Assignment:
Copy out each line featuring the string "rule" from the entries beneath.

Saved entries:
====================

(* Since no two paths share an edge, the cost of a path depends only on its own flow, through
   a continuous strictly increasing function; within a commodity all these functions start at
   the same value.  Raising a common cost level L and letting each path carry the flow at which
   its cost reaches L ("water filling"), the intermediate value theorem yields a level at which
   the flows add up to the demand.  This equilibrium uses every path, so every feasible flow is a
   transition and PoTS is the optimal cost divided by itself.  That quotient is 1 because the
   optimal cost is finite and positive: some path of commodity 1 always carries at least the
   average flow, which costs a fixed positive amount on its first edge. *)

lemma continuous_on_sum_list:
  fixes c :: "'e \<Rightarrow> 'a::topological_space \<Rightarrow> 'b::topological_monoid_add"
  assumes "\<And>e. e \<in> set es \<Longrightarrow> continuous_on S (c e)"
  shows "continuous_on S (\<lambda>x. \<Sum>e\<leftarrow>es. c e x)"
  using assms by (induction es) (auto intro: continuous_intros)

lemma strict_mono_on_sum_list:
  fixes c :: "'e \<Rightarrow> 'a::order \<Rightarrow> 'b::{monoid_add, strict_ordered_ab_semigroup_add}"
  assumes "es \<noteq> []" and "\<And>e. e \<in> set es \<Longrightarrow> strict_mono_on S (c e)"
  shows "strict_mono_on S (\<lambda>x. \<Sum>e\<leftarrow>es. c e x)"
proof (rule strict_mono_onI)
  fix x y assume "x \<in> S" "y \<in> S" "x < y"
  then show "(\<Sum>e\<leftarrow>es. c e x) < (\<Sum>e\<leftarrow>es. c e y)"
    using assms by (intro sum_list_strict_mono) (auto dest: strict_mono_onD)
qed

lemma exists_ge_average:
  fixes f :: "'a \<Rightarrow> real"
  assumes "finite A" and "A \<noteq> {}"
  obtains a where "a \<in> A" and "(\<Sum>b\<in>A. f b) / card A \<le> f a"
proof (rule ccontr)
  assume "\<not> thesis"
  then have "\<forall>a\<in>A. f a < (\<Sum>b\<in>A. f b) / card A"
    using that by force
  then have "(\<Sum>a\<in>A. f a) < (\<Sum>a\<in>A. (\<Sum>b\<in>A. f b) / card A)"
    using assms by (intro sum_strict_mono) auto
  then show False
    using assms by simp
qed

lemma continuous_clamped_inverse:
  fixes h :: "real \<Rightarrow> real"
  assumes cont: "continuous_on {a..b} h" and mono: "strict_mono_on {a..b} h" and "a \<le> b"
  obtains g where "continuous_on UNIV g"
    and "\<And>L. g L \<in> {a..b}" and "\<And>L. h (g L) = max (h a) (min (h b) L)"
proof -
  define clamp where "clamp L = max (h a) (min (h b) L)" for L
  have hab: "h a \<le> h b"
    using strict_mono_on_leD[OF mono] \<open>a \<le> b\<close> by simp
  have inverse: "inv_into {a..b} h (h x) = x" if "x \<in> {a..b}" for x
    using strict_mono_on_imp_inj_on[OF mono] that by simp
  have image: "h ` {a..b} = {h a..h b}"
  proof
    show "h ` {a..b} \<subseteq> {h a..h b}"
      using strict_mono_on_leD[OF mono] by auto
    show "{h a..h b} \<subseteq> h ` {a..b}"
      using IVT'[of h a _ b] cont \<open>a \<le> b\<close> by fastforce
  qed
  have "continuous_on {h a..h b} (inv_into {a..b} h)"
    using continuous_on_inv[OF cont compact_Icc] inverse image by simp
  then have "continuous_on UNIV (inv_into {a..b} h \<circ> clamp)"
    unfolding clamp_def using hab
    by (intro continuous_on_compose continuous_intros) (auto elim: continuous_on_subset)
  moreover have "inv_into {a..b} h (clamp L) \<in> {a..b} \<and> h (inv_into {a..b} h (clamp L)) = clamp L"
    for L
  proof -
    have "clamp L \<in> h ` {a..b}"
      unfolding image clamp_def using hab by auto
    then show ?thesis
      using inverse by auto
  qed
  ultimately show ?thesis
    using that unfolding clamp_def by auto
qed

lemma exists_water_level:
  fixes C :: "'a \<Rightarrow> real \<Rightarrow> real"
  assumes fin: "finite A" and nonempty: "A \<noteq> {}" and "0 < r"
    and cont: "\<And>a. a \<in> A \<Longrightarrow> continuous_on {0..r} (C a)"
    and mono: "\<And>a. a \<in> A \<Longrightarrow> strict_mono_on {0..r} (C a)"
    and start: "\<And>a. a \<in> A \<Longrightarrow> C a 0 = c0"
  obtains L x where "c0 < L" and "\<And>a. a \<in> A \<Longrightarrow> x a \<in> {0..r}"
    and "\<And>a. a \<in> A \<Longrightarrow> C a (x a) = min (C a r) L" and "(\<Sum>a\<in>A. x a) = r"
proof -
  \<comment> \<open>y a L is the amount on a at which its cost reaches the level L, clamped to [0, r]\<close>
  have "\<forall>a\<in>A. \<exists>g. continuous_on UNIV g \<and> (\<forall>L. g L \<in> {0..r} \<and> C a (g L) = max c0 (min (C a r) L))"
    using continuous_clamped_inverse[OF cont mono] start \<open>0 < r\<close> by (metis less_imp_le)
  then obtain y where y_cont: "\<And>a. a \<in> A \<Longrightarrow> continuous_on UNIV (y a)"
    and y_range: "\<And>a L. a \<in> A \<Longrightarrow> y a L \<in> {0..r}"
    and y_level: "\<And>a L. a \<in> A \<Longrightarrow> C a (y a L) = max c0 (min (C a r) L)"
    by (metis bchoice)
  have c0_less: "c0 < C a r" if "a \<in> A" for a
    using strict_mono_onD[OF mono[OF that], of 0 r] start[OF that] \<open>0 < r\<close> by simp
  have y_unique: "y a L = u" if "a \<in> A" "u \<in> {0..r}" "C a u = C a (y a L)" for a L u
    using strict_mono_on_imp_inj_on[OF mono] y_range that by (metis inj_onD)
  define S where "S L = (\<Sum>a\<in>A. y a L)" for L
  define M where "M = Max ((\<lambda>a. C a r) ` A)"
  have "S c0 = 0"
    unfolding S_def using y_level start c0_less \<open>0 < r\<close>
    by (intro sum.neutral ballI y_unique) auto
  moreover have "S M = card A * r"
  proof -
    have "C a r \<le> M" if "a \<in> A" for a
      unfolding M_def using fin that by auto
    then have "y a M = r" if "a \<in> A" for a
      using y_level c0_less that \<open>0 < r\<close> by (intro y_unique) auto
    then show ?thesis
      unfolding S_def by simp
  qed
  moreover have "1 \<le> card A"
    using fin nonempty by (simp add: Suc_le_eq card_gt_0_iff)
  moreover obtain a0 where "a0 \<in> A"
    using nonempty by auto
  then have "c0 \<le> M"
    unfolding M_def using fin c0_less by (metis Max_ge finite_imageI image_eqI less_imp_le order_trans)
  moreover have "continuous_on {c0..M} S"
    unfolding S_def using y_cont continuous_on_subset by (metis continuous_on_sum subset_UNIV)
  ultimately obtain L where "c0 \<le> L" "S L = r"
    using IVT'[of S c0 r M] \<open>0 < r\<close> by auto
  then have "c0 < L"
    using \<open>S c0 = 0\<close> \<open>0 < r\<close> by (cases "L = c0") auto
  moreover have "C a (y a L) = min (C a r) L" if "a \<in> A" for a
    using y_level[OF that] c0_less[OF that] \<open>c0 < L\<close> by simp
  ultimately show ?thesis
    using y_range \<open>S L = r\<close> unfolding S_def by (intro that[of L "\<lambda>a. y a L"]) simp_all
qed

lemma exists_equalizing_positive_split:
  fixes C :: "'a \<Rightarrow> real \<Rightarrow> real"
  assumes fin: "finite A" and nonempty: "A \<noteq> {}" and "0 < r"
    and cont: "\<And>a. a \<in> A \<Longrightarrow> continuous_on {0..r} (C a)"
    and mono: "\<And>a. a \<in> A \<Longrightarrow> strict_mono_on {0..r} (C a)"
    and start: "\<And>a. a \<in> A \<Longrightarrow> C a 0 = c0"
  obtains x where "\<And>a. a \<in> A \<Longrightarrow> 0 < x a" and "(\<Sum>a\<in>A. x a) = r"
    and "\<And>a b. a \<in> A \<Longrightarrow> b \<in> A \<Longrightarrow> C a (x a) = C b (x b)"
proof -
  obtain L x where "c0 < L" and range: "\<And>a. a \<in> A \<Longrightarrow> x a \<in> {0..r}"
    and level: "\<And>a. a \<in> A \<Longrightarrow> C a (x a) = min (C a r) L" and sum: "(\<Sum>a\<in>A. x a) = r"
    using exists_water_level[of A r C c0, OF fin nonempty \<open>0 < r\<close> cont mono start] by blast
  have pos: "0 < x a" if "a \<in> A" for a
  proof -
    have "C a 0 < C a r"
      using strict_mono_onD[OF mono[OF that], of 0 r] \<open>0 < r\<close> by simp
    then have "C a 0 < C a (x a)"
      using level[OF that] start[OF that] \<open>c0 < L\<close> by simp
    then show ?thesis
      using range[OF that] by (cases "x a = 0") auto
  qed
  \<comment> \<open>with two positive amounts each is below r, so no cost is clamped at C a r\<close>
  have "C a (x a) = L" if "a \<in> A" "b \<in> A" "a \<noteq> b" for a b
  proof -
    have "x a + x b \<le> r"
      using sum_mono2[OF fin, of "{a, b}" x] that pos sum by (force simp: less_imp_le)
    then have "x a < r"
      using pos[OF \<open>b \<in> A\<close>] by simp
    then have "C a (x a) < C a r"
      using strict_mono_onD[OF mono[OF \<open>a \<in> A\<close>], of "x a" r] range[OF \<open>a \<in> A\<close>] by simp
    then show ?thesis
      using level[OF \<open>a \<in> A\<close>] by (auto simp: min_def split: if_splits)
  qed
  then have "C a (x a) = C b (x b)" if "a \<in> A" "b \<in> A" for a b
    using that by (cases "a = b") auto
  with pos sum show ?thesis
    using that by blast
qed

lemma routing_game_commodity:
  assumes "routing_game V E etail ehead k s t r Ps c" and "i \<in> {1..k}"
  shows "0 < r i" and "finite (Ps i)" and "Ps i \<noteq> {}" and "s i \<noteq> t i"
    and "\<And>P. P \<in> Ps i \<Longrightarrow> is_path V E etail ehead (s i) (t i) P"
  using assms unfolding routing_game_def by blast+

lemma routing_game_cost_nonneg:
  assumes "routing_game V E etail ehead k s t r Ps c" and "e \<in> E" and "0 \<le> x"
  shows "0 \<le> c e x"
  using assms unfolding routing_game_def by blast

lemma is_path_edges:
  assumes "is_path V E etail ehead u w P"
  shows "set P \<subseteq> E" and "u \<noteq> w \<Longrightarrow> P \<noteq> []"
  using assms unfolding is_path_def by blast+

lemma routing_game_path:
  assumes game: "routing_game V E etail ehead k s t r Ps c" and "P \<in> all_paths k Ps"
  shows "P \<noteq> []" and "set P \<subseteq> E"
proof -
  obtain i where "i \<in> {1..k}" and "P \<in> Ps i"
    using assms(2) unfolding all_paths_def by blast
  then have "is_path V E etail ehead (s i) (t i) P" and "s i \<noteq> t i"
    using routing_game_commodity(4,5)[OF game] by simp_all
  then show "P \<noteq> []" and "set P \<subseteq> E"
    by (simp_all add: is_path_edges)
qed

lemma routing_game_finite_all_paths:
  assumes "routing_game V E etail ehead k s t r Ps c"
  shows "finite (all_paths k Ps)"
  unfolding all_paths_def using routing_game_commodity(2)[OF assms] by blast

lemma edge_flow_ge_path_flow:
  assumes "finite (all_paths k Ps)" and "feasible k r Ps f"
    and "P \<in> all_paths k Ps" and "e \<in> set P"
  shows "f P \<le> edge_flow k Ps f e"
  unfolding edge_flow_def using assms by (intro member_le_sum) (auto simp: feasible_def)

lemma edge_flow_nonneg:
  assumes "feasible k r Ps f"
  shows "0 \<le> edge_flow k Ps f e"
  unfolding edge_flow_def using assms by (intro sum_nonneg) (auto simp: feasible_def)

lemma edge_flow_edge_disjoint:
  assumes disjoint: "\<forall>P\<in>all_paths k Ps. \<forall>P'\<in>all_paths k Ps. P \<noteq> P' \<longrightarrow> set P \<inter> set P' = {}"
    and "P \<in> all_paths k Ps" and "e \<in> set P"
  shows "edge_flow k Ps f e = f P"
proof -
  have "Q = P" if "Q \<in> all_paths k Ps" and "e \<in> set Q" for Q
    using disjoint assms(2,3) that by (meson disjoint_iff)
  then have "{Q \<in> all_paths k Ps. e \<in> set Q} = {P}"
    using assms(2,3) by blast
  then show ?thesis
    unfolding edge_flow_def by simp
qed

lemma path_cost_edge_disjoint:
  assumes "\<forall>P\<in>all_paths k Ps. \<forall>P'\<in>all_paths k Ps. P \<noteq> P' \<longrightarrow> set P \<inter> set P' = {}"
    and "P \<in> all_paths k Ps"
  shows "path_cost k Ps c f P = (\<Sum>e\<leftarrow>P. c e (f P))"
  unfolding path_cost_def by (simp add: edge_flow_edge_disjoint[OF assms] cong: map_cong)

lemma total_cost_ge_edge_cost:
  assumes game: "routing_game V E etail ehead k s t r Ps c"
    and "feasible k r Ps f" and "e \<in> E"
  shows "c e (edge_flow k Ps f e) * edge_flow k Ps f e \<le> total_cost E k Ps c f"
proof -
  have "finite E"
    using game unfolding routing_game_def by blast
  then show ?thesis
    unfolding total_cost_def
    using routing_game_cost_nonneg[OF game] edge_flow_nonneg[OF \<open>feasible k r Ps f\<close>] \<open>e \<in> E\<close>
    by (intro member_le_sum) auto
qed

====================

Exercise answer:
proof (rule strict_mono_onI)
proof (rule ccontr)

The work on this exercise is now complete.